Working data:
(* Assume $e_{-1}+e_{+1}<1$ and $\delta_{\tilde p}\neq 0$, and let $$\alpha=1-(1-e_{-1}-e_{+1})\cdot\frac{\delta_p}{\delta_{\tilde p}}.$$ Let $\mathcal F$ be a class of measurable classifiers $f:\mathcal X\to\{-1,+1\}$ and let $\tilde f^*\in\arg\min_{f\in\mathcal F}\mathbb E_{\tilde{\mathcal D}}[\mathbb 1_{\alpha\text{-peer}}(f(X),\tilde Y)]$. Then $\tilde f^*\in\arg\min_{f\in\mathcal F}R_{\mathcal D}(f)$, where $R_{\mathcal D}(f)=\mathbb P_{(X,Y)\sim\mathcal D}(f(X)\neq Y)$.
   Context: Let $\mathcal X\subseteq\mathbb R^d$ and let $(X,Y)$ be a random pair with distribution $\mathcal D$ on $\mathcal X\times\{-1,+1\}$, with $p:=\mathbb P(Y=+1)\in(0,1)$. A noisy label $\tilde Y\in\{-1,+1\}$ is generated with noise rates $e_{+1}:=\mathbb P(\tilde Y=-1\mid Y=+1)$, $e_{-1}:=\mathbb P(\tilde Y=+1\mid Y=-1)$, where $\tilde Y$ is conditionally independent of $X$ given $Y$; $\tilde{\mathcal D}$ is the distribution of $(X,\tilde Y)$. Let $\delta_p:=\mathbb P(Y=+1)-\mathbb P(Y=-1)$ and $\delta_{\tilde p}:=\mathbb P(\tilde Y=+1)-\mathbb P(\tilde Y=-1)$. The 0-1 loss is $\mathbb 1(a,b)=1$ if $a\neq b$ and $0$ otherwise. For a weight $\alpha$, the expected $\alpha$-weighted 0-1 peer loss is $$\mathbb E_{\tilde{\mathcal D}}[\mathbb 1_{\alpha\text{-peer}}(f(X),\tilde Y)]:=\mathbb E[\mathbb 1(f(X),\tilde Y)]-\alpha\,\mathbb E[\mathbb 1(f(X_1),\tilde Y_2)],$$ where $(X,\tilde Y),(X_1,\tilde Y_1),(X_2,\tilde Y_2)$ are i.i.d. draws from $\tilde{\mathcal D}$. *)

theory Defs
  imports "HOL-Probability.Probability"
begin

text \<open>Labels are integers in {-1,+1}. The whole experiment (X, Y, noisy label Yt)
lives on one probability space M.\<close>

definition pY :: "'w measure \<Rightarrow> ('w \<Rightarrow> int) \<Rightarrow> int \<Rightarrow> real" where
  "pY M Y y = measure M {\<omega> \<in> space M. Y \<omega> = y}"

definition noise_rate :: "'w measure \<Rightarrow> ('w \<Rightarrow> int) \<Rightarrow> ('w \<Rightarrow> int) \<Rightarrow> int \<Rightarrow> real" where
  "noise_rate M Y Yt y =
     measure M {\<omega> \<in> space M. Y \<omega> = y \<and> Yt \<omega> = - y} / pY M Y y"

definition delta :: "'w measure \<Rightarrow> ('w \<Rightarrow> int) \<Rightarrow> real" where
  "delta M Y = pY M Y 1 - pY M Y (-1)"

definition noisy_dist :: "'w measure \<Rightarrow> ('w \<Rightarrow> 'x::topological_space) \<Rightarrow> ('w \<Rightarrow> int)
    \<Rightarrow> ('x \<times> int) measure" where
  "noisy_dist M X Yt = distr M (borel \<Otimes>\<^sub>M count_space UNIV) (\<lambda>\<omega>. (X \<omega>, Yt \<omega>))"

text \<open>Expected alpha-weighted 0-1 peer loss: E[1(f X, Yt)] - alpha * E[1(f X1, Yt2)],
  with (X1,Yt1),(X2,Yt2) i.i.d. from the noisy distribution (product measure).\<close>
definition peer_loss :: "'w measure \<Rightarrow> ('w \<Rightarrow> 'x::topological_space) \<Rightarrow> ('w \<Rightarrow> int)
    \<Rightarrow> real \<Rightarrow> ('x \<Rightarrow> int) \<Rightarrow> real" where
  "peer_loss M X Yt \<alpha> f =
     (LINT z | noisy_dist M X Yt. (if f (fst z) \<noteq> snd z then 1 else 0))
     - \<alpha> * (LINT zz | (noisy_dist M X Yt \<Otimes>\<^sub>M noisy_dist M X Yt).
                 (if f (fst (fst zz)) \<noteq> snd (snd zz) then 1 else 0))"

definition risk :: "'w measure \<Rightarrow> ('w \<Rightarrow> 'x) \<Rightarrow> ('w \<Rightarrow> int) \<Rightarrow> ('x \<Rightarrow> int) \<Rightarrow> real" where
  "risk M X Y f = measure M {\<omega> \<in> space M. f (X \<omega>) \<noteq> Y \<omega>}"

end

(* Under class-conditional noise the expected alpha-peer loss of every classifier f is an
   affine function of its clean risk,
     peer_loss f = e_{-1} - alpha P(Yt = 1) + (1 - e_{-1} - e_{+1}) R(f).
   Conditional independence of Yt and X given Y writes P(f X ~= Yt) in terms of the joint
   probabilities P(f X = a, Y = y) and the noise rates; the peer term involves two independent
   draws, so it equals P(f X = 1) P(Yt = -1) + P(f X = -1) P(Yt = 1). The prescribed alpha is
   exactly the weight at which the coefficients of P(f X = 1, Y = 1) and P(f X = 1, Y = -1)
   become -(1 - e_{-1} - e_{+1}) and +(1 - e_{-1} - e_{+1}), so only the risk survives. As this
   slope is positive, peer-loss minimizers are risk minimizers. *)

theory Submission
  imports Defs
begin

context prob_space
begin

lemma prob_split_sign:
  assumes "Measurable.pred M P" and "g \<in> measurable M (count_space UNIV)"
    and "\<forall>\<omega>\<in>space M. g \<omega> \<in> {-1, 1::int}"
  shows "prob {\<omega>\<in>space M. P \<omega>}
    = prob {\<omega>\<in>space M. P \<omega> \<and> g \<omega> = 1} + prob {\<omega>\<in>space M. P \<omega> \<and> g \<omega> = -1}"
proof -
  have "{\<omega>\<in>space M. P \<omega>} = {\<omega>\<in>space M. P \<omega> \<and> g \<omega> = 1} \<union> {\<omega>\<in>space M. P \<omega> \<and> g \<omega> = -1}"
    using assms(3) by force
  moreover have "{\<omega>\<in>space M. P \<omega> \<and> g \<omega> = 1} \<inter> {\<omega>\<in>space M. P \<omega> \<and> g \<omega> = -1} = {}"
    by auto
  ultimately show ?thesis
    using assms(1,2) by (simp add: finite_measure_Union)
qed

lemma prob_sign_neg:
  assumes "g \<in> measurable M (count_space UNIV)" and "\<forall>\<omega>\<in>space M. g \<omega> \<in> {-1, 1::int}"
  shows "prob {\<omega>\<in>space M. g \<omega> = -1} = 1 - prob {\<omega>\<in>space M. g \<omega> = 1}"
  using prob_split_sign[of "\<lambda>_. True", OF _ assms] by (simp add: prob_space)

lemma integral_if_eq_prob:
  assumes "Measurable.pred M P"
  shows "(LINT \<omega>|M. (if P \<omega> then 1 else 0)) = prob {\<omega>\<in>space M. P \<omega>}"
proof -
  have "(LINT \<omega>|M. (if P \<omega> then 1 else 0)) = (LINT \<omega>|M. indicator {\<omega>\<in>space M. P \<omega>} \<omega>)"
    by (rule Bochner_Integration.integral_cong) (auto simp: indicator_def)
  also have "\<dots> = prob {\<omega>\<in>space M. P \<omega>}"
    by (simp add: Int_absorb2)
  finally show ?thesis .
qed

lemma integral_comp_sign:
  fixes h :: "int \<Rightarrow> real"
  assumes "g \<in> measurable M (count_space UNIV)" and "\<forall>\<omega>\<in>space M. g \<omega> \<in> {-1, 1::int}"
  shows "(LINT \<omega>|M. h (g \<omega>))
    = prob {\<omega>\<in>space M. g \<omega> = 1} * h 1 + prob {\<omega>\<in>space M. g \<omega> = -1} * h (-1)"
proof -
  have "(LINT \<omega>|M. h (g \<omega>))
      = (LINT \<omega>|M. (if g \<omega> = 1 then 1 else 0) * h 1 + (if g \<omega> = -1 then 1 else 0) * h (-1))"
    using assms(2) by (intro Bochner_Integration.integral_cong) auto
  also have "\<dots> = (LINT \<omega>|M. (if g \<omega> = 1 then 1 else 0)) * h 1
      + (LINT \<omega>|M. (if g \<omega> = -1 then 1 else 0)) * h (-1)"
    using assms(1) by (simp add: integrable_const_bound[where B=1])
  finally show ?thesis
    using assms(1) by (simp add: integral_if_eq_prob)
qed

Work task: Pull every line with the string "lambda" from the data above.

Finished task:
  "noisy_dist M X Yt = distr M (borel \<Otimes>\<^sub>M count_space UNIV) (\<lambda>\<omega>. (X \<omega>, Yt \<omega>))"
  using prob_split_sign[of "\<lambda>_. True", OF _ assms] by (simp add: prob_space)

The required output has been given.